The earnings call summary presents strong financial performance, with record high net income and robust growth in client assets and net new money. The new share buyback program further supports a positive outlook. Despite some regulatory and competitive risks, the optimistic guidance on ROE and capital generation, along with the management's commitment to efficiency, indicates a positive sentiment. The Q&A section revealed no major concerns, and management's cautious optimism about future performance supports a positive stock price reaction.

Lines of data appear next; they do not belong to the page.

lemma norm_kernel_c_le:
  assumes h: "0 < h" and \<alpha>: "0 < \<alpha>" and "r \<noteq> 0"
  shows "norm (kernel_c h \<alpha> r) \<le> h / pi * ((2 + 2*\<alpha>) * (h * \<bar>r\<bar>) powr (-1-\<alpha>)
            + 2*\<alpha> * (pi/h) powr (\<alpha>-1) / (h * \<bar>r\<bar>)\<^sup>2)"
proof -
  define w where "w = h * \<bar>real_of_int r\<bar>"
  have r1: "1 \<le> \<bar>real_of_int r\<bar>" using \<open>r \<noteq> 0\<close> by linarith
  then have "1 \<le> pi * \<bar>real_of_int r\<bar>"
    using pi_ge_two mult_mono[of 1 pi 1 "\<bar>real_of_int r\<bar>"] by simp
  then have "0 < w" "1/w \<le> pi/h"
    using h r1 by (auto simp: w_def field_simps)
  moreover have "sin (w * (pi/h)) = 0"
    using h sin_npi_int[of "\<bar>r\<bar>"] by (simp add: w_def mult.commute)
  ultimately have "\<bar>integral {0..pi/h} (\<lambda>t. \<bar>t\<bar> powr \<alpha> * cos (w*t))\<bar>
      \<le> (2 + 2*\<alpha>) * w powr (-1-\<alpha>) + 2*\<alpha> * (pi/h) powr (\<alpha>-1) / w\<^sup>2"
    by (intro abs_integral_powr_cos_le[OF \<alpha>])
  then have "h / pi * \<bar>integral {0..pi/h} (\<lambda>t. \<bar>t\<bar> powr \<alpha> * cos (w*t))\<bar>
      \<le> h / pi * ((2 + 2*\<alpha>) * w powr (-1-\<alpha>) + 2*\<alpha> * (pi/h) powr (\<alpha>-1) / w\<^sup>2)"
    using h by (intro mult_left_mono) simp_all
  moreover have "norm (kernel_c h \<alpha> r) = h / pi * \<bar>integral {0..pi/h} (\<lambda>t. \<bar>t\<bar> powr \<alpha> * cos (w*t))\<bar>"
    unfolding kernel_c_eq_cos_integral[OF h \<alpha>] norm_of_real using h by (simp add: abs_mult w_def)
  ultimately show ?thesis
    by (simp only: w_def of_int_abs)
qed

lemma kernel_c_abs_summable:
  assumes h: "0 < h" and \<alpha>: "0 < \<alpha>"
  shows "(\<lambda>s. norm (kernel_c h \<alpha> s)) summable_on UNIV"
proof -
  define K1 where "K1 = h / pi * (2 + 2*\<alpha>) * h powr (-1-\<alpha>)"
  define K2 where "K2 = h / pi * (2*\<alpha> * (pi/h) powr (\<alpha>-1)) / h\<^sup>2"
  define g where "g s = K1 * real_of_int \<bar>s\<bar> powr (-1-\<alpha>) + K2 * real_of_int \<bar>s\<bar> powr (-2)" for s :: int
  have "g summable_on UNIV"
    unfolding g_def using \<alpha> by (intro summable_on_add summable_on_cmult_right summable_on_int_abs_powr) auto
  then have "(\<lambda>s. norm (kernel_c h \<alpha> s)) summable_on (UNIV - {0})"
  proof (rule summable_on_comparison_test[OF summable_on_subset])
    fix s :: int assume "s \<in> UNIV - {0}"
    then have "s \<noteq> 0" by simp
    then have "real_of_int \<bar>s\<bar> powr (-2) = 1 / (real_of_int s)\<^sup>2"
      by (simp add: powr_minus_divide powr_realpow[symmetric])
    then have "h / pi * ((2 + 2*\<alpha>) * (h * \<bar>s\<bar>) powr (-1-\<alpha>) + 2*\<alpha> * (pi/h) powr (\<alpha>-1) / (h * \<bar>s\<bar>)\<^sup>2) = g s"
      using h by (simp add: g_def K1_def K2_def powr_mult power_mult_distrib field_simps)
    then show "norm (kernel_c h \<alpha> s) \<le> g s"
      using norm_kernel_c_le[OF h \<alpha> \<open>s \<noteq> 0\<close>] by simp
  qed auto
  then show ?thesis
    using summable_on_insert_iff[of "\<lambda>s. norm (kernel_c h \<alpha> s)" 0 "UNIV - {0}"] by (simp add: insert_absorb)
qed


lemma dim_ctrans [simp]: "dim_row (ctrans A) = dim_col A" "dim_col (ctrans A) = dim_row A"
  by (simp_all add: ctrans_def)

lemma dim_kron [simp]:
  "dim_row (kron A B) = dim_row A * dim_row B" "dim_col (kron A B) = dim_col A * dim_col B"
  by (simp_all add: kron_def)

lemma carrier_ctrans [simp]: "A \<in> carrier_mat m n \<Longrightarrow> ctrans A \<in> carrier_mat n m"
  unfolding ctrans_def by (metis carrier_matD mat_carrier)

lemma carrier_kron:
  assumes "A \<in> carrier_mat a b" "B \<in> carrier_mat c d"
  shows "kron A B \<in> carrier_mat (a*c) (b*d)"
  using carrier_matD[OF assms(1)] carrier_matD[OF assms(2)] unfolding kron_def by (simp only: mat_carrier)

lemma carrier_bra0 [simp]: "bra0 \<in> carrier_mat 1 2"
  and carrier_ket0 [simp]: "ket0 \<in> carrier_mat 2 1"
  by (simp_all add: bra0_def ket0_def)

lemma carrier_QFT [simp]: "QFT L \<in> carrier_mat L L"
  unfolding QFT_def by (rule mat_carrier)

lemma carrier_QFT_inv [simp]: "QFT_inv L \<in> carrier_mat L L"
  unfolding QFT_inv_def ctrans_def QFT_def by simp

lemma carrier_diag_of [simp]: "diag_of L d \<in> carrier_mat L L"
  unfolding diag_of_def by (rule mat_carrier)

lemma carrier_pad [simp]: "pad N M \<in> carrier_mat M N"
  unfolding pad_def by (rule mat_carrier)

lemma dim_QFT [simp]:
  "dim_row (QFT L) = L" "dim_col (QFT L) = L" "dim_row (QFT_inv L) = L" "dim_col (QFT_inv L) = L"
  using carrier_matD[OF carrier_QFT[of L]] carrier_matD[OF carrier_QFT_inv[of L]] by auto

lemma carrier_A_tilde [simp]: "A_tilde h \<alpha> L \<in> carrier_mat L L"
  unfolding A_tilde_def by (rule mult_carrier_mat[OF mult_carrier_mat[OF carrier_QFT_inv carrier_diag_of] carrier_QFT])

lemma index_mult_mat_sum:
  assumes "A \<in> carrier_mat m n" "B \<in> carrier_mat n p" "i < m" "j < p"
  shows "(A * B) $$ (i,j) = (\<Sum>k<n. A $$ (i,k) * B $$ (k,j))"
  using assms by (auto simp: index_mult_mat scalar_prod_def atLeast0LessThan intro: sum.cong)

lemma index_mult_diag_of_mult:
  assumes A: "A \<in> carrier_mat m n" and B: "B \<in> carrier_mat n p" and "i < m" "j < p"
  shows "(A * diag_of n d * B) $$ (i,j) = (\<Sum>k<n. A $$ (i,k) * d k * B $$ (k,j))"
proof -
  have AD: "(A * diag_of n d) $$ (i,k) = A $$ (i,k) * d k" if "k < n" for k
  proof -
    have "(A * diag_of n d) $$ (i,k) = (\<Sum>l<n. A $$ (i,l) * diag_of n d $$ (l,k))"
      using A \<open>i < m\<close> that by (intro index_mult_mat_sum) auto
    also have "\<dots> = (\<Sum>l<n. if l = k then A $$ (i,l) * d l else 0)"
      using that by (intro sum.cong) (auto simp: diag_of_def)
    finally show ?thesis
      using that by simp
  qed
  have "(A * diag_of n d * B) $$ (i,j) = (\<Sum>k<n. (A * diag_of n d) $$ (i,k) * B $$ (k,j))"
    using A B \<open>i < m\<close> \<open>j < p\<close> by (intro index_mult_mat_sum) auto
  then show ?thesis
    by (simp add: AD)
qed

lemma QFT_conj_diag_index:
  assumes "i < L" "j < L"
  shows "(QFT_inv L * diag_of L d * QFT L) $$ (i,j)
    = (\<Sum>k<L. d k * cis (2 * pi * of_int (int j - int i) * real k / real L)) / of_nat L"
proof -
  have "QFT_inv L $$ (i,k) * d k * QFT L $$ (k,j)
      = d k * cis (2 * pi * of_int (int j - int i) * real k / real L) / of_nat L" if "k < L" for k
  proof -
    have "complex_of_real (1 / sqrt (real L)) * complex_of_real (1 / sqrt (real L)) = 1 / of_nat L"
      using assms by (simp flip: of_real_mult)
    moreover have "cis (- (2 * pi * real i * real k / real L)) * cis (2 * pi * real j * real k / real L)
        = cis (2 * pi * of_int (int j - int i) * real k / real L)"
      by (simp add: cis_mult algebra_simps diff_divide_distrib)
    ultimately show ?thesis
      using assms that by (simp add: QFT_inv_def ctrans_def QFT_def cis_cnj field_simps)
  qed
  then have "(\<Sum>k<L. QFT_inv L $$ (i,k) * d k * QFT L $$ (k,j))
      = (\<Sum>k<L. d k * cis (2 * pi * of_int (int j - int i) * real k / real L) / of_nat L)"
    by (intro sum.cong) simp_all
  moreover have "(QFT_inv L * diag_of L d * QFT L) $$ (i,j) = (\<Sum>k<L. QFT_inv L $$ (i,k) * d k * QFT L $$ (k,j))"
    using assms by (intro index_mult_diag_of_mult) auto
  ultimately show ?thesis
    by (simp add: sum_divide_distrib)
qed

The company's financial performance is strong with record net income and significant growth across multiple metrics. The share buyback program and capital distribution plan are positive for shareholder returns. Despite some competitive pressures and economic challenges, management remains optimistic about future growth and efficiency. The Q&A revealed confidence in revenue growth and ROE improvement. Overall, the positive financial metrics and shareholder-focused strategies outweigh the concerns, leading to a positive sentiment.